━━ Entries provided
(* Let $K:X\times X\to\mathbb{C}$ be positive definite and assume $\delta_x\in\mathscr{H}(K)$ for all $x\in X$. Then a function $h$ on $X$ belongs to $\mathscr{H}(K)$ if and only if $\sup_F\|K_F^{-1/2}h_F\|_{\ell^2(F)}<\infty$, the supremum over all finite subsets $F\subset X$, where $h_F=h|_F$ and $K_F=(K(x,y))_{x,y\in F}$. If $h\in\mathscr{H}(K)$, then $\|h\|^2_{\mathscr{H}(K)}=\sup_F\|K_F^{-1/2}h_F\|^2_{\ell^2(F)}$.
   Context: $\delta_x$ is the function on $X$ equal to $1$ at $x$ and $0$ elsewhere; $\mathscr{H}(K)$ is the reproducing kernel Hilbert space of $K$ (completion of span of $K(\cdot,x)$, $\langle K(\cdot,x),K(\cdot,y)\rangle=K(x,y)$, $\langle K(\cdot,x),h\rangle=h(x)$). Under the assumption, each $K_F$ is a positive invertible matrix and $K_F^{-1/2}$ is defined by the spectral theorem. *)

theory Defs
  imports "HOL-Analysis.Analysis"
begin

definition qform :: "('a \<Rightarrow> 'a \<Rightarrow> complex) \<Rightarrow> 'a set \<Rightarrow> ('a \<Rightarrow> complex) \<Rightarrow> complex" where
  "qform A F c = (\<Sum>x\<in>F. \<Sum>y\<in>F. cnj (c x) * c y * A x y)"

definition pos_def_kernel :: "('a \<Rightarrow> 'a \<Rightarrow> complex) \<Rightarrow> bool" where
  "pos_def_kernel K \<longleftrightarrow>
     (\<forall>F c. finite F \<longrightarrow> Im (qform K F c) = 0 \<and> Re (qform K F c) \<ge> 0)"

text \<open>Elements of span{K(.,x)} are represented by finitely supported
  coefficient functions c; the represented function is
  y \<mapsto> sum_x c x * K y x, and its squared norm is qform K (support) c,
  since <K(.,x),K(.,y)> = K(x,y).\<close>
definition fin_supp :: "('a \<Rightarrow> complex) \<Rightarrow> bool" where
  "fin_supp c \<longleftrightarrow> finite {x. c x \<noteq> 0}"

definition span_fun :: "('a \<Rightarrow> 'a \<Rightarrow> complex) \<Rightarrow> ('a \<Rightarrow> complex) \<Rightarrow> 'a \<Rightarrow> complex" where
  "span_fun K c = (\<lambda>y. \<Sum>x\<in>{x. c x \<noteq> 0}. c x * K y x)"

definition span_norm2 :: "('a \<Rightarrow> 'a \<Rightarrow> complex) \<Rightarrow> ('a \<Rightarrow> complex) \<Rightarrow> real" where
  "span_norm2 K c = Re (qform K {x. c x \<noteq> 0} c)"

text \<open>A sequence in the span that is Cauchy in the kernel norm and converges
  pointwise to h (completion of the span realised as functions on X).\<close>
definition approx_seq :: "('a \<Rightarrow> 'a \<Rightarrow> complex) \<Rightarrow> (nat \<Rightarrow> 'a \<Rightarrow> complex) \<Rightarrow> ('a \<Rightarrow> complex) \<Rightarrow> bool" where
  "approx_seq K c h \<longleftrightarrow>
     (\<forall>n. fin_supp (c n)) \<and>
     (\<forall>e>0. \<exists>N. \<forall>m\<ge>N. \<forall>n\<ge>N. span_norm2 K (\<lambda>x. c m x - c n x) < e) \<and>
     (\<forall>y. (\<lambda>n. span_fun K (c n) y) \<longlonglongrightarrow> h y)"

definition in_rkhs :: "('a \<Rightarrow> 'a \<Rightarrow> complex) \<Rightarrow> ('a \<Rightarrow> complex) \<Rightarrow> bool" where
  "in_rkhs K h \<longleftrightarrow> (\<exists>c. approx_seq K c h)"

text \<open>The RKHS norm: limit of the norms of an approximating sequence
  (independent of the chosen sequence).\<close>
definition rkhs_norm :: "('a \<Rightarrow> 'a \<Rightarrow> complex) \<Rightarrow> ('a \<Rightarrow> complex) \<Rightarrow> real" where
  "rkhs_norm K h = lim (\<lambda>n. sqrt (span_norm2 K ((SOME c. approx_seq K c h) n)))"

definition delta :: "'a \<Rightarrow> 'a \<Rightarrow> complex" where
  "delta x = (\<lambda>y. if y = x then 1 else 0)"

definition mat_mult_on :: "'a set \<Rightarrow> ('a \<Rightarrow> 'a \<Rightarrow> complex) \<Rightarrow> ('a \<Rightarrow> 'a \<Rightarrow> complex) \<Rightarrow> 'a \<Rightarrow> 'a \<Rightarrow> complex" where
  "mat_mult_on F A B = (\<lambda>x y. \<Sum>z\<in>F. A x z * B z y)"

definition mat_vec_on :: "'a set \<Rightarrow> ('a \<Rightarrow> 'a \<Rightarrow> complex) \<Rightarrow> ('a \<Rightarrow> complex) \<Rightarrow> 'a \<Rightarrow> complex" where
  "mat_vec_on F A v = (\<lambda>x. \<Sum>y\<in>F. A x y * v y)"

definition psd_on :: "'a set \<Rightarrow> ('a \<Rightarrow> 'a \<Rightarrow> complex) \<Rightarrow> bool" where
  "psd_on F B \<longleftrightarrow> (\<forall>x\<in>F. \<forall>y\<in>F. B x y = cnj (B y x)) \<and>
     (\<forall>c. Im (qform B F c) = 0 \<and> Re (qform B F c) \<ge> 0)"

text \<open>K_F^{-1/2}: the unique positive semidefinite F\<times>F matrix B with
  B B K_F = I, i.e. the positive square root of K_F^{-1} (spectral theorem).\<close>
definition inv_sqrt_on :: "('a \<Rightarrow> 'a \<Rightarrow> complex) \<Rightarrow> 'a set \<Rightarrow> 'a \<Rightarrow> 'a \<Rightarrow> complex" where
  "inv_sqrt_on K F = (THE B. (\<forall>x y. (x \<notin> F \<or> y \<notin> F) \<longrightarrow> B x y = 0) \<and> psd_on F B \<and>
      (\<forall>x\<in>F. \<forall>y\<in>F. mat_mult_on F (mat_mult_on F B B) K x y = (if x = y then 1 else 0)))"

definition l2_norm_on :: "'a set \<Rightarrow> ('a \<Rightarrow> complex) \<Rightarrow> real" where
  "l2_norm_on F v = sqrt (\<Sum>x\<in>F. (cmod (v x))\<^sup>2)"

end

(*
  For finite F, the hypothesis delta_x in H(K) makes the Gram matrix K_F injective, so
  K_F^(-1/2) exists; it is built from an eigenbasis of K_F, obtained by repeatedly
  maximising the Rayleigh quotient.

  The coefficients K_F^(-1) h_F describe the element of span {K(.,x) | x in F} that agrees
  with h on F. It is the interpolant of least norm, and its squared norm is
  <h_F, K_F^(-1) h_F> = |K_F^(-1/2) h_F|^2, which increases with F. The span functions
  approximating an h in H(K) interpolate h on F up to a small error, which bounds these
  quantities by |h|^2 and, comparing with interpolants on the supports, shows that |h|^2 is
  their supremum. Conversely, if they are bounded, the minimal interpolants along a chain of
  finite sets approaching the supremum form a Cauchy sequence, because the squared distance
  between two of them is the difference of their squared norms; the reproducing property
  makes them converge pointwise to h.
*)

theory Submission
  imports Defs
begin

section \<open>Sesquilinear forms and matrices on a finite index set\<close>

definition sesq :: "('a \<Rightarrow> 'a \<Rightarrow> complex) \<Rightarrow> 'a set \<Rightarrow> ('a \<Rightarrow> complex) \<Rightarrow> ('a \<Rightarrow> complex) \<Rightarrow> complex" where
  "sesq M F x y = (\<Sum>a\<in>F. \<Sum>b\<in>F. cnj (x a) * y b * M a b)"

definition hermitian_on :: "'a set \<Rightarrow> ('a \<Rightarrow> 'a \<Rightarrow> complex) \<Rightarrow> bool" where
  "hermitian_on F M \<longleftrightarrow> (\<forall>a\<in>F. \<forall>b\<in>F. M a b = cnj (M b a))"

definition inner_on :: "'a set \<Rightarrow> ('a \<Rightarrow> complex) \<Rightarrow> ('a \<Rightarrow> complex) \<Rightarrow> complex" where
  "inner_on F x y = (\<Sum>a\<in>F. cnj (x a) * y a)"

definition norm2_on :: "'a set \<Rightarrow> ('a \<Rightarrow> complex) \<Rightarrow> real" where
  "norm2_on F x = (\<Sum>a\<in>F. (cmod (x a))\<^sup>2)"

lemma cnj_mult_self: "cnj z * z = complex_of_real ((cmod z)\<^sup>2)"
  by (metis complex_norm_square mult.commute of_real_power)

lemma qform_eq_sesq: "qform M F c = sesq M F c c"
  by (simp add: qform_def sesq_def)

lemma sesq_eq_inner_on: "sesq M F x y = inner_on F x (mat_vec_on F M y)"
  by (simp add: sesq_def inner_on_def mat_vec_on_def sum_distrib_left mult_ac)

lemma sesq_commute:
  assumes "hermitian_on F M"
  shows "sesq M F y x = cnj (sesq M F x y)"
proof -
  have "sesq M F y x = (\<Sum>b\<in>F. \<Sum>a\<in>F. cnj (y a) * x b * M a b)"
    unfolding sesq_def by (rule sum.swap)
  also have "\<dots> = (\<Sum>b\<in>F. \<Sum>a\<in>F. cnj (cnj (x b) * y a * M b a))"
  proof (intro sum.cong refl)
    fix a b
    assume "a \<in> F" "b \<in> F"
    then have "M a b = cnj (M b a)"
      using assms unfolding hermitian_on_def by blast
    then show "cnj (y a) * x b * M a b = cnj (cnj (x b) * y a * M b a)"
      by simp
  qed
  finally show ?thesis
    by (simp add: sesq_def)
qed

lemma sesq_add_right: "sesq M F x (\<lambda>a. y a + \<alpha> * z a) = sesq M F x y + \<alpha> * sesq M F x z"
  by (simp add: sesq_def algebra_simps sum.distrib sum_distrib_left)

lemma sesq_add_left: "sesq M F (\<lambda>a. y a + \<alpha> * z a) x = sesq M F y x + cnj \<alpha> * sesq M F z x"
  by (simp add: sesq_def algebra_simps sum.distrib sum_distrib_left)

lemma sesq_diff_right: "sesq M F x (\<lambda>a. y a - z a) = sesq M F x y - sesq M F x z"
  by (simp add: sesq_def algebra_simps sum_subtractf)

lemma sesq_diff_left: "sesq M F (\<lambda>a. y a - z a) x = sesq M F y x - sesq M F z x"
  by (simp add: sesq_def algebra_simps sum_subtractf)

lemma sesq_scale_right: "sesq M F x (\<lambda>a. \<alpha> * z a) = \<alpha> * sesq M F x z"
  by (simp add: sesq_def algebra_simps sum_distrib_left)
━━━━
> Work item
Find every line in the listing that holds the string "norms", then say how many there are as a bare number.

> Result of this task
2